(Bloomberg) — The price of copper, a barometer for the global economy, could jump in 2020 with capital spending for new production down and stockpiles tapped out at a time when U.S.-China trade tensions are easing.
The threat of a long trade war limited mining activity and kept manufacturers from adding to their stocks. The result: Inventories at warehouses tracked by the three international exchanges, a last resort for supply, have shrunk by about 37% since July to just shy of 300,000 tons, equivalent to just 1.2% of global consumption. Meanwhile, mine production fell 0.4% last year from 2018.

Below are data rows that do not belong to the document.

definition U :: "real \<Rightarrow> real \<Rightarrow> real \<Rightarrow> real \<Rightarrow> real" where
  "U C1 C2 C3 \<phi> = - (\<phi>^2)/2 - C2*\<phi>/2 - C1*C2/2 - C3 / (2*(\<phi> - C1))"

definition bminus :: "real \<Rightarrow> real \<Rightarrow> real \<Rightarrow> real" where
  "bminus C1 C2 C3 = U C1 C2 C3 (phi2 C1 C2 C3)"

definition bplus :: "real \<Rightarrow> real \<Rightarrow> real \<Rightarrow> real" where
  "bplus C1 C2 C3 = U C1 C2 C3 (phi1 C1 C2 C3)"

definition phim :: "real \<Rightarrow> real \<Rightarrow> real \<Rightarrow> real \<Rightarrow> real" where
  "phim C1 C2 C3 b = (THE \<phi>. phi1 C1 C2 C3 < \<phi> \<and> \<phi> < phi2 C1 C2 C3 \<and> U C1 C2 C3 \<phi> = b)"

definition phip :: "real \<Rightarrow> real \<Rightarrow> real \<Rightarrow> real \<Rightarrow> real" where
  "phip C1 C2 C3 b = (THE \<phi>. phi2 C1 C2 C3 < \<phi> \<and> \<phi> < C1 \<and> U C1 C2 C3 \<phi> = b)"

text \<open>Period of the orbit; the integrand is singular (integrably) at the endpoints,
  where it takes the value 0 by HOL's division convention (a null set).\<close>
definition period :: "real \<Rightarrow> real \<Rightarrow> real \<Rightarrow> real \<Rightarrow> real" where
  "period C1 C2 C3 b = 2 * integral {phim C1 C2 C3 b .. phip C1 C2 C3 b}
      (\<lambda>\<phi>. 1 / sqrt (2 * (b - U C1 C2 C3 \<phi>)))"

end

theory Submission
  imports Defs
begin

text \<open>For b in the range, 2 (b - U \<phi>) (C1 - \<phi>) is a cubic in \<phi> with roots \<phi>_- < \<phi>_+
  and a third root r < \<phi>_1, so that C1 - C2 = \<phi>_- + \<phi>_+ + r and C3 = (C1 - \<phi>_-) (C1 - \<phi>_+) (C1 - r).
  The substitution \<phi> = (\<phi>_- + \<phi>_+)/2 - (\<phi>_+ - \<phi>_-)/2 cos t turns the period into
  2 \<integral> sqrt ((C1 - \<phi>)/(\<phi> - r)) dt over t \<in> [0, \<pi>]. Adding the integrand at t and at \<pi> - t
  gives, for fixed cos t ^ 2, a function of \<rho> = C1 - r alone, because \<alpha> = C1 - \<phi>_- and
  \<gamma> = C1 - \<phi>_+ satisfy \<alpha> + \<gamma> = 2 C1 + C2 - \<rho> and \<alpha> \<gamma> = C3 / \<rho>. Its square is
  -2 + 2 A + 2 sqrt (1 - E) with rational functions A strictly decreasing and E nondecreasing
  in \<rho>. Finally r increases with b, since the cubic increases with b at every \<phi> < C1; so \<rho>
  decreases and the period increases.\<close>

lemma the_unique_root:
  fixes f :: "real \<Rightarrow> 'a"
  assumes "lo < x" "x < hi" "f x = y"
    and injective: "\<And>s t. lo < s \<Longrightarrow> s < t \<Longrightarrow> t < hi \<Longrightarrow> f s \<noteq> f t"
  shows "(THE x. lo < x \<and> x < hi \<and> f x = y) = x"
proof (rule the_equality)
  show "lo < x \<and> x < hi \<and> f x = y" using assms(1-3) by blast
next
  fix z assume "lo < z \<and> z < hi \<and> f z = y"
  with assms(1-3) injective[of z x] injective[of x z] show "z = x"
    by (metis linorder_neqE_linordered_idom)
qed


lemma integral_symmetrise:
  fixes f :: "real \<Rightarrow> real"
  assumes f: "continuous_on {a..b} f" and "a \<le> b"
  shows "2 * integral {a..b} f = integral {a..b} (\<lambda>t. f t + f (a + b - t))"
proof -
  have "((\<lambda>t. (-1) *\<^sub>R f (a + b - t)) has_integral
      integral {a + b - a..a + b - b} f - integral {a + b - b..a + b - a} f) {a..b}"
  proof (rule has_integral_substitution_general[of "{}" a b _ a b])
    show "\<And>t. t \<in> {a..b} - {} \<Longrightarrow> ((\<lambda>t. a + b - t) has_real_derivative -1) (at t within {a..b})"
      by (auto intro!: derivative_eq_intros)
  qed (use f \<open>a \<le> b\<close> in \<open>auto intro!: continuous_intros\<close>)
  moreover have "integral {b..a} f = 0" using \<open>a \<le> b\<close> by (cases "a = b") auto
  ultimately have "((\<lambda>t. - f (a + b - t)) has_integral - integral {a..b} f) {a..b}" by simp
  from has_integral_neg[OF this]
  have "((\<lambda>t. f (a + b - t)) has_integral integral {a..b} f) {a..b}" by simp
  moreover have "(f has_integral integral {a..b} f) {a..b}"
    using f by (intro integrable_integral integrable_continuous_interval)
  ultimately have "((\<lambda>t. f t + f (a + b - t)) has_integral (integral {a..b} f + integral {a..b} f)) {a..b}"
    by (intro has_integral_add)
  then show ?thesis by (simp add: integral_unique)
qed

That has large international banks largely bullish on the metal. Citigroup Inc. sees demand in China, the top consumer, jumping 2.6% after barely rising in 2019, powered by power grid and automaker investments. Goldman Sachs Group Inc. analysts see prices at $7,000 a metric ton in 2020, according to a December report. That follows a 3.5% gain to $6,174 in 2019.
“Europe and developed Asia have been destocking pretty aggressively over the past six months or so,” said Colin Hamilton, an analyst at BMO Capital Markets, by phone. “You can’t do that forever.”
Copper, a malleable conductor of both heat and electricity, serves as a barometer of global economies because of its broad use in wiring and motors, construction materials, electronics, and in vehicles for everything from radiators and connectors to brakes and bearings.